Canonical inner-product on the tangent space at base_point, which is different from the inner-product induced by the embedding (see [RLSMRZ2017]).

\[\langle\Delta, \tilde{\Delta}\rangle_{U}=\operatorname{tr} \left(\Delta^{T}\left(I-\frac{1}{2} U U^{T}\right) \tilde{\Delta}\right)\]

Parameters:

tangent_vec_a (array-like, shape=[…, n, p]) – First tangent vector at base point.
tangent_vec_b (array-like, shape=[…, n, p]) – Second tangent vector at base point.
base_point (array-like, shape=[…, n, p]) – Point in the Stiefel manifold.

Returns:

inner_prod (array-like, shape=[…, 1]) – Inner-product of the two tangent vectors.

References

[RLSMRZ2017]

R Zimmermann. A matrix-algebraic algorithm for the Riemannian logarithm on the Stiefel manifold under the canonical metric. SIAM Journal on Matrix Analysis and Applications 38 (2), 322-342, 2017. https://epubs.siam.org/doi/pdf/10.1137/16M1074485

lifting(point, base_point)[source]#

Compute the lifting of a point.

This computation is based on the QR-decomposion.

e.g. \(P_x^{-1}(Q) = QR - X\).

Parameters:

point (array-like, shape=[…, n, p]) – Point in the Stiefel manifold.
base_point (array-like, shape=[…, n, p]) – Point in the Stiefel manifold.

Returns:

log (array-like, shape=[…, dim + 1]) – Tangent vector at the base point equal to the lifting of point at the base point.

static retraction(tangent_vec, base_point)[source]#

Compute the retraction of a tangent vector.

This computation is based on the QR-decomposition.
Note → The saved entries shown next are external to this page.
lemma LCD_code_delete_zero_coordinate:
  assumes C: "LCD_code (Suc m) k C" and j: "j < Suc m" "\<forall>c\<in>C. c j = 0"
  shows "LCD_code m k ((\<lambda>x. x \<circ> transpose j m) ` C)"
    and "min_dist m ((\<lambda>x. x \<circ> transpose j m) ` C) = min_dist (Suc m) C"
proof -
  let ?p = "transpose j m"
  have p: "?p permutes {..<Suc m}"
    using j(1) by (intro permutes_swap_id) auto
  have "c \<circ> ?p \<in> vecs m" if "c \<in> C" for c
  proof -
    have "c i = 0" if "Suc m \<le> i" for i
      using \<open>c \<in> C\<close> C that by (auto simp: LCD_code_iff_nondegenerate vecs_def)
    then show ?thesis
      using that j by (auto simp: vecs_def transpose_def le_Suc_eq)
  qed
  then have vecs_m: "(\<lambda>x. x \<circ> ?p) ` C \<subseteq> vecs m"
    by blast
  show "LCD_code m k ((\<lambda>x. x \<circ> ?p) ` C)"
    using LCD_code_truncate[OF LCD_code_comp_permutes[OF C p] vecs_m] by simp
  show "min_dist m ((\<lambda>x. x \<circ> ?p) ` C) = min_dist (Suc m) C"
    using min_dist_truncate[OF vecs_m, of "Suc m"] min_dist_comp_permutes[OF p] by simp
qed

lemma LCD_code_puncture:
  assumes "LCD_code n k C" and "J \<subseteq> {..<n}" and "\<forall>c\<in>C. \<forall>j\<in>J. c j = 0"
  shows "\<exists>C'. LCD_code (n - card J) k C' \<and> min_dist (n - card J) C' = min_dist n C"
  using assms
proof (induction "card J" arbitrary: n C J)
  case 0
  then have "J = {}"
    using finite_subset[OF "0.prems"(2) finite_lessThan] by simp
  with "0.prems"(1) show ?case
    by auto
next
  case (Suc r)
  then obtain j where j: "j \<in> J"
    by (metis card.empty ex_in_conv nat.distinct(1))
  then have "j < n"
    using Suc.prems(2) by blast
  then obtain m where n: "n = Suc m"
    by (cases n) auto
  let ?p = "transpose j m"
  let ?C1 = "(\<lambda>x. x \<circ> ?p) ` C"
  let ?J1 = "?p ` (J - {j})"
  have C1: "LCD_code m k ?C1" "min_dist m ?C1 = min_dist n C"
    using LCD_code_delete_zero_coordinate[of m k C j] Suc.prems(1,3) \<open>j < n\<close> j n by auto
  have "?J1 \<subseteq> {..<m}"
    using Suc.prems(2) \<open>j < n\<close> n by (auto simp: transpose_def)
  moreover have "card ?J1 = r"
    using Suc.hyps(2) j by (simp add: card_image inj_on_subset)
  moreover have "\<forall>c\<in>?C1. \<forall>i\<in>?J1. c i = 0"
    using Suc.prems(3) by auto
  ultimately obtain C' where "LCD_code (m - r) k C'" "min_dist (m - r) C' = min_dist m ?C1"
    using Suc.hyps(1)[OF _ C1(1)] by metis
  moreover have "n - card J = m - r"
    using Suc.hyps(2) n by simp
  ultimately show ?case
    using C1(2) by auto
qed

lemma min_dist_antimono: "D \<subseteq> C \<Longrightarrow> min_dist n C \<le> min_dist n D"
  unfolding min_dist_def by (rule INF_superset_mono) auto

lemma min_dist_le_dE2: "LCD_code n k C \<Longrightarrow> min_dist n C \<le> dE2 n k"
  unfolding dE2_def by (rule SUP_upper) simp

theorem corollary4p4:
  fixes n k :: nat
  assumes "2 \<le> k" and "k \<le> n"
  shows "dE2 n k \<le> max (dE2 (n - 1) (k - 1)) (dE2 (n - 2) (k - 2))"
  unfolding dE2_def[of n k]
proof (rule SUP_least)
  fix C assume "C \<in> {C. LCD_code n k C}"
  moreover have "k \<noteq> 0"
    using assms(1) by simp
  ultimately obtain J where J: "J \<subseteq> {..<n}" "card J \<in> {1, 2}" "LCD_code n (k - card J) (shorten C J)"
    using LCD_code_shorten_one_or_two by blast
  have "\<forall>c\<in>shorten C J. \<forall>j\<in>J. c j = 0"
    by (simp add: shorten_def)
  then obtain C' where "LCD_code (n - card J) (k - card J) C'"
      and C': "min_dist (n - card J) C' = min_dist n (shorten C J)"
    using LCD_code_puncture[OF J(3) J(1)] by blast
  have "min_dist n C \<le> min_dist n (shorten C J)"
    by (rule min_dist_antimono[OF shorten_subset])
  also have "\<dots> \<le> dE2 (n - card J) (k - card J)"
    unfolding C'[symmetric] by (rule min_dist_le_dE2) fact
  also have "\<dots> \<le> max (dE2 (n - 1) (k - 1)) (dE2 (n - 2) (k - 2))"
    using J(2) by auto
  finally show "min_dist n C \<le> max (dE2 (n - 1) (k - 1)) (dE2 (n - 2) (k - 2))" .
qed

end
e.g. \(P_x(V) = qf(X + V)\).

Parameters:

tangent_vec (array-like, shape=[…, n, p]) – Tangent vector at a base point.
base_point (array-like, shape=[…, n, p]) – Point in the Stiefel manifold.

Returns:

exp (array-like, shape=[…, n, p]) – Point in the Stiefel manifold equal to the retraction of tangent_vec at the base point.

geomstats.geometry.sub_riemannian_metric module#

Implementation of sub-Riemannian geometry.

Lead author: Morten Pedersen.

class geomstats.geometry.sub_riemannian_metric.SubRiemannianMetric(space, cometric_matrix=None, frame=None)[source]#

Bases: object

Class for Sub-Riemannian metrics.

This implementation assumes a bracket-generating distribution of constant dimension.

Only one of the arguments ‘cometric_matrix’ and ‘frame’ can be different from None. If the frame is supplied, it is assumed orthonormal.

Parameters:

space (Manifold object)
cometric_matrix (callable) – Optional, default: ‘None’

The cometric matrix as a function of a point.

You should pass :
base_point : array-like, shape=[…, dim]

It returns:
_ : array-like, shape=[…, dim, dim]
frame (callable) – Optional, default: ‘None’

Matrix representing the frame spanning the distribution, as a function of a point.

You should pass:
point : array-like, shape=[…, dim]

It returns

_array-like, shape=[…, dim, dist_dim]
Frame field matrix. Each column is a vector field of the frame spanning the distribution.

exp(cotangent_vec, base_point, n_steps=20)[source]#

Exponential map associated to the cometric.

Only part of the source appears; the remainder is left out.